The first of these was the Pasch. It commemorated the preservation of the first-born of the Jews on the night when all the first-born of the Egyptians were killed. It lasted seven days. The first-fruits of the barley harvest were offered to God on this Feast. Seven weeks, or fifty days later, came the Feast of Pentecost, commemorating the giving of the Law to the Israelites on Mount Sinai. On this Feast the first-fruits of the wheat harvest were offered. Lastly, in the autumn, when the fruits of the vineyards and the cornfields had been fully gathered, came the Feast of Tabernacles in memory of that time in the desert when the people lived in tents.
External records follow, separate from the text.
lemma binomial_even_minus_odd:
  "(x - y :: 'a::comm_ring_1) ^ m = binomial_part even m x y - binomial_part odd m x y"
proof -
  have "binomial_part even m x (- y) = binomial_part even m x y"
    "binomial_part odd m x (- y) = - binomial_part odd m x y"
    unfolding binomial_part_def by (auto simp flip: sum_negf intro: sum.cong)
  then show ?thesis using binomial_even_odd[of x "- y" m] by simp
qed

lemma binomial_part_even_eq:
  "binomial_part even m x y = (\<Sum>h\<le>m div 2. of_nat (m choose (2*h)) * x ^ (m - 2*h) * y ^ (2*h))"
  unfolding binomial_part_def
  by (rule sum.reindex_cong[of "\<lambda>h. 2 * h"]) (auto simp: inj_on_def elim!: evenE)

lemma binomial_part_odd_eq:
  "binomial_part odd m x y
     = (\<Sum>h\<in>{1..(m+1) div 2}. of_nat (m choose (2*h - 1)) * x ^ (m + 1 - 2*h) * y ^ (2*h - 1))"
  unfolding binomial_part_def
proof (rule sum.reindex_cong[of "\<lambda>h. 2 * h - 1"])
  show "{k. k \<le> m \<and> odd k} = (\<lambda>h. 2 * h - 1) ` {1..(m + 1) div 2}"
    by (auto elim!: oddE intro!: image_eqI[where x = "Suc _"])
qed (auto simp: inj_on_def Suc_diff_le)

lemma Re_ser_eq: "Re_ser emb a l m = emb (a m) * binomial_part even m (emb (HK emb l)) (VK emb l)"
  by (simp add: Re_ser_def binomial_part_even_eq)

lemma Im_ser_eq: "Im_ser emb a l m = emb (a m) * binomial_part odd m (emb (HK emb l)) (VK emb l)"
  by (simp add: Im_ser_def binomial_part_odd_eq)

lemma (in absval) av_binomial_part_le: "av (binomial_part P m x y) \<le> (av x + av y) ^ m"
proof -
  have "av (binomial_part P m x y)
      \<le> (\<Sum>k | k \<le> m \<and> P k. of_nat (m choose k) * av x ^ (m - k) * av y ^ k)"
    unfolding binomial_part_def
    by (rule order.trans[OF av_sum_le sum_mono]) (simp add: av_of_nat_le mult_right_mono)
  also have "\<dots> \<le> (\<Sum>k\<le>m. of_nat (m choose k) * av x ^ (m - k) * av y ^ k)"
    by (rule sum_mono2) auto
  also have "\<dots> = (av x + av y) ^ m"
    using binomial_ring[of "av y" "av x" m] by (simp add: add.commute mult_ac)
  finally show ?thesis .
qed

lemma (in absval) av_binomial_part_le_nonarch:
  assumes "\<And>n. av (of_nat n) \<le> 1"
  shows "av (binomial_part P m x y) \<le> of_nat (Suc m) * max (av x) (av y) ^ m"
proof -
  let ?r = "max (av x) (av y)"
  have "0 \<le> ?r" by (simp add: le_max_iff_disj)
  have "av (of_nat (m choose k) * x ^ (m - k) * y ^ k) \<le> ?r ^ m" if "k \<le> m" for k
  proof -
    have "av x ^ (m - k) * av y ^ k \<le> ?r ^ (m - k) * ?r ^ k"
      using \<open>0 \<le> ?r\<close> by (intro mult_mono power_mono) auto
    also have "\<dots> = ?r ^ m" using that by (simp flip: power_add)
    finally show ?thesis using assms[of "m choose k"]
      by (simp add: mult.assoc mult_le_one order.trans[OF mult_right_mono])
  qed
  then have "av (binomial_part P m x y) \<le> (\<Sum>k | k \<le> m \<and> P k. ?r ^ m)"
    unfolding binomial_part_def by (intro order.trans[OF av_sum_le sum_mono]) auto
  also have "\<dots> \<le> (\<Sum>k\<le>m. ?r ^ m)" using \<open>0 \<le> ?r\<close> by (intro sum_mono2) auto
  finally show ?thesis by simp
qed

context quad_closed_emb
begin

lemma power_ii_even: "even k \<Longrightarrow> ii ^ k = emb ((-1) ^ (k div 2))"
  by (auto elim!: evenE simp: power_mult power2_eq_square ii_sq)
This was a festival of thanksgiving for the blessings of the year.
Every Jew who had come of age was bound to be present in Jerusalem at each of these Feasts. So great were the numbers congregated together at these times that they often exceeded two millions.
When Jesus, therefore, was twelve years old, He accompanied His parents to Jerusalem for the Feast of the Pasch, joining the caravan which was going up from Galilee. For greater safety against robhers many thousands travelled together, the men and the women in separate companies, the children with either father or mother. As they neared Jerusalem and fell in with other caravans, the concourse of pilgrims grew more and more dense, and in the neighbourhood of the Holy City husbands and wives reunited and finished the journey together.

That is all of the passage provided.